Effects of Chopped Carbon Fiber on the Forming, Structure, and Mechanical Properties of CCF/SiC Composites Fabricated by Selective Laser Sintering and Reactive Melt Infiltration

Abstract

Silicon carbide (SiC) composites are fabricated by selective laser sintering (SLS) combined with reactive melt infiltration (RMI) using SiC powder mixed with various contents (0–32 vol%) of chopped carbon fiber (CCF) as reinforcement phase and carbon source. The introduction of an appropriate amount of CCF can reduce the shrinkage and step effect caused by slicing, improving the forming quality of the CCF/SiC preforms after pyrolysis. Meanwhile, as a carbon resource, CCF can react with molten silicon to form the β‐SiC, improving the mechanical properties of CCF/SiC composites.
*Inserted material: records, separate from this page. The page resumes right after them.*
text \<open>Growth per level: two copies of \<open>w\<langle>i\<rangle>\<close> (discrepancy at most \<open>5\<close> each) and a partial block
  of length at most \<open>5 + p\<close>.\<close>

definition K :: real where "K = 10 + (5 + 2 * s) * (5 + p_of r)"

lemma K_pos: "K > 0"
  unfolding K_def using s_pos p_of_pos by (simp add: add_pos_nonneg)

lemma abs_discrepancy_take_wblock_le: "\<bar>discrepancy s (take m (wblock r i))\<bar> \<le> K * i"
proof (induction i arbitrary: m)
  case 0
  then show ?case by (simp add: discrepancy_def)
next
  case (Suc i)
  let ?W = "wblock r i"
  define T where "T = [0,1,0,1,1] @ replicate (nat (p_of r - int (alpha_digit r (Suc i)))) (0::nat)"
  have W: "wblock r (Suc i) = ?W @ ?W @ T"
    by (simp add: T_def wblock.simps)
  have K_ge: "K \<ge> 10"
    unfolding K_def using s_pos p_of_pos by simp
  have hd_prefix: "take m' ?W = [] \<or> hd (take m' ?W) = 0" for m'
    using block_word_hd[OF block_word_wblock, of r i] by (cases m') (auto simp: hd_take)
  consider "m \<le> length ?W" | "length ?W < m" "m \<le> 2 * length ?W" | "2 * length ?W < m"
    by linarith
  then show ?case
  proof cases
    case 1
    then have "take m (wblock r (Suc i)) = take m ?W"
      unfolding W by simp
    then show ?thesis
      using Suc.IH[of m] K_ge by (simp add: algebra_simps)
  next
    case 2
    then have "take m (wblock r (Suc i)) = ?W @ take (m - length ?W) ?W"
      unfolding W by simp
    then have "discrepancy s (take m (wblock r (Suc i))) = discrepancy s ?W + discrepancy s (take (m - length ?W) ?W)"
      using discrepancy_append[OF hd_prefix] by simp
    then show ?thesis
      using abs_discrepancy_wblock_le[of i] Suc.IH[of "m - length ?W"] K_ge by (simp add: algebra_simps)
  next
    case 3
    let ?t = "take (m - 2 * length ?W) T"
    have hd_t: "?t = [] \<or> hd ?t = 0"
      unfolding T_def by (cases "m - 2 * length ?W") auto
    have hd_Wt: "?W @ ?t = [] \<or> hd (?W @ ?t) = 0"
      using block_word_hd[OF block_word_wblock, of r i] hd_t by (auto simp: hd_append)
    have "take m (wblock r (Suc i)) = ?W @ ?W @ ?t"
      unfolding W using 3 by (simp add: mult_2)
    then have "discrepancy s (take m (wblock r (Suc i))) = discrepancy s ?W + (discrepancy s ?W + discrepancy s ?t)"
      by (simp only: discrepancy_append[OF hd_Wt] discrepancy_append[OF hd_t])
    moreover have "real (length ?t) \<le> 5 + p_of r"
      unfolding T_def using p_of_pos by auto
    then have "\<bar>discrepancy s ?t\<bar> \<le> K - 10"
      using abs_discrepancy_le[of s ?t] s_pos mult_left_mono[of "real (length ?t)" "5 + p_of r" "5 + 2 * s"]
      unfolding K_def by linarith
    moreover have "0 \<le> K * real i"
      using K_ge by simp
    ultimately show ?thesis
      using abs_discrepancy_wblock_le[of i]
      by (simp only: abs_le_iff of_nat_Suc distrib_left, intro conjI; linarith)
  qed
qed

lemma abs_discrepancy_wprefix_le:
  assumes "n > 0"
  shows "\<bar>discrepancy s (wprefix r n)\<bar> \<le> K * (log 2 n + 2)"
proof -
  have n_le: "n \<le> length (wblock r (Suc (ceillog2 n)))"
    using le_two_power_ceillog2 two_power_le_length_wblock by (rule order.trans)
  have "\<bar>discrepancy s (wprefix r n)\<bar> \<le> K * Suc (ceillog2 n)"
    unfolding wprefix_eq_take[OF n_le] by (rule abs_discrepancy_take_wblock_le)
  also have "\<dots> \<le> K * (log 2 n + 2)"
    using ceillog2_less_log[OF assms] s_pos p_of_pos unfolding K_def
    by (intro mult_left_mono) auto
  finally show ?thesis .
qed

lemma abs_density_deviation_le:
  assumes "n > 0"
  shows "\<bar>card (Pset (wprefix r n)) / n - s / (5 + s)\<bar> \<le> (K * (log 2 n + 2) + 1) / n"
proof -
  define \<delta> :: real where
    "\<delta> = (if wprefix r n \<noteq> [] \<and> last (wprefix r n) = 0 then 1 else 0)"
  have count: "real (count_00 (wprefix r n)) = card (Pset (wprefix r n)) + \<delta>"
    unfolding \<delta>_def card_Pset_wprefix[symmetric] by simp
  have "length (wprefix r n) = n"
    by (simp add: wprefix_def)
  then have "card (Pset (wprefix r n)) / n - s / (5 + s)
      = (discrepancy s (wprefix r n) / (5 + s) - \<delta>) / n"
    unfolding discrepancy_def count using assms s_pos by (simp add: field_simps)
  moreover have "\<bar>discrepancy s (wprefix r n) / (5 + s) - \<delta>\<bar> \<le> K * (log 2 n + 2) + 1"
  proof -
    have "\<bar>discrepancy s (wprefix r n) / (5 + s)\<bar> \<le> \<bar>discrepancy s (wprefix r n)\<bar>"
      using s_pos by (simp add: abs_divide divide_le_eq mult_le_cancel_left1)
    moreover have "0 \<le> \<delta>" "\<delta> \<le> 1"
      unfolding \<delta>_def by simp_all
    ultimately show ?thesis
      using abs_discrepancy_wprefix_le[OF assms] by linarith
  qed
  ultimately show ?thesis
    using assms by (simp add: abs_divide divide_right_mono)
qed

end

theorem lemma4p15:
  fixes r :: real
  assumes "2/5 < r" and "r < 1"
  shows "(\<lambda>n. real (card (Pset (wprefix r n))) / real n) \<longlonglongrightarrow> (5*r - 2) / 3"
proof -
  interpret density_parameter r
    using assms by unfold_locales
  define bound where "bound n = (K * (log 2 n + 2) + 1) / n" for n :: nat
  have "bound \<longlonglongrightarrow> 0"
    unfolding bound_def using K_pos by real_asymp
  moreover have "\<forall>\<^sub>F n in sequentially. \<bar>card (Pset (wprefix r n)) / n - s / (5 + s)\<bar> \<le> bound n"
    using eventually_gt_at_top[of 0] unfolding bound_def
    by eventually_elim (rule abs_density_deviation_le)
  then have "\<forall>\<^sub>F n in sequentially.
      norm (card (Pset (wprefix r n)) / n - s / (5 + s)) \<le> norm (bound n) * 1"
    by eventually_elim auto
  ultimately have "(\<lambda>n. card (Pset (wprefix r n)) / n - s / (5 + s)) \<longlonglongrightarrow> 0"
    by (rule tendsto_0_le)
  then show ?thesis
    unfolding LIM_zero_iff density_eq .
qed

end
The result shows that the CCF/SiC powder shows excellent fluidity, and the angle of repose of the CCF/SiC powder is 32–40° when the proportion of CCF is less than 24 vol%. CCF/SiC preforms shrinkage is lower than 1.74% and 1.94% along the nonadditive and additive manufacturing directions, respectively. Compared without CCF, the bending strength and fracture toughness of the CCF/SiC composites with 8 vol% CCF improve from 137.9 MPa and 2.69 MPa m1/2 to 177.1 MPa and 3.10 MPa m1/2, respectively. This study is believed to provide a new strategy for additive manufacturing of high‐performance CCF/SiC composites with high CCF content by SLS.